ABOUT THIS EXERCISE: Return only the lines starting at the line that contains "theory Defs" and ending with the final line of the listing; include both endpoints.

DATA FOR REVIEW:
(* Let $K,A,B$ be sets and let $\mathrm{null}$ be an element not in $A\cup B$. Let $S$ be the set of finite sets $s$ of triples $(k,a,b)$ with $k\in K$, $a\in A\cup\{\mathrm{null}\}$, $b\in B\cup\{\mathrm{null}\}$, such that no two distinct triples of $s$ have the same first component and no triple has $a=b=\mathrm{null}$. Let $V$ (resp. $W$) be the set of finite sets of pairs in $K\times A$ (resp. $K\times B$) in which no two distinct pairs have the same first component. Define $f:S\to V$, $f(s)=\{(k,a):(k,a,b)\in s,\ a\neq\mathrm{null}\}$ and $c:S\to W$, $c(s)=\{(k,b):(k,a,b)\in s,\ b\neq\mathrm{null}\}$. Then: (1) the map $s\mapsto (f(s),c(s))$ is a bijection $S\to V\times W$; (2) for every complete set $U$ of updates on $V$, setting $T(u)(s)$ to be the unique $s'\in S$ with $f(s')=u(f(s))$ and $c(s')=c(s)$ defines a translator $T$ for $f$; (3) for this $T$, $s\equiv s'$ implies $c(s)=c(s')$; and if moreover for all $x,y\in V$ there is $u\in U$ with $u(x)=y$, then $s\equiv s'$ if and only if $c(s)=c(s')$, so the classes of $S/{\equiv}$ are in one-to-one correspondence with $W$ (the states of the projection onto the $K$ and $B$ columns, restricted to non-null $B$).
   Context: This models a table with key column $K$ and columns $A,B$, the view being the projection onto $(K,A)$ restricted to rows with non-null $A$. The translator $T$ in (2) corresponds to the row-level strategy: inserting $(k,a)$ in the view sets the $A$ column of the base row with key $k$ to $a$ if that row exists, and otherwise inserts $(k,a,\mathrm{null})$; deleting $(k,a)$ from the view sets the $A$ column of that base row to $\mathrm{null}$, deleting the base row if its $B$ column is also $\mathrm{null}$. Definitions: for a surjective map $f:S\to V$, a set $U$ of maps $V\to V$ is a complete set of updates if (a) $u,v\in U$ implies $v\circ u\in U$, and (b) for every $u\in U$ and $x\in V$ there is $w\in U$ with $w(u(x))=x$. A map $t:S\to S$ is a translation of $u:V\to V$ if $f\circ t=u\circ f$ and $u(f(s))=f(s)$ implies $t(s)=s$ for all $s\in S$. A translator for $f$ (with respect to a complete set $U$) assigns to each $u\in U$ a translation $T(u)$ of $u$ such that $T(u\circ v)=T(u)\circ T(v)$. The induced equivalence on $S$ is: $s\equiv s'$ iff $s=T(u)(s')$ for some $u\in U$. *)

theory Defs
  imports Main "HOL-Library.FuncSet"
begin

RESULT FOR THIS EXERCISE:
theory Defs
  imports Main "HOL-Library.FuncSet"
begin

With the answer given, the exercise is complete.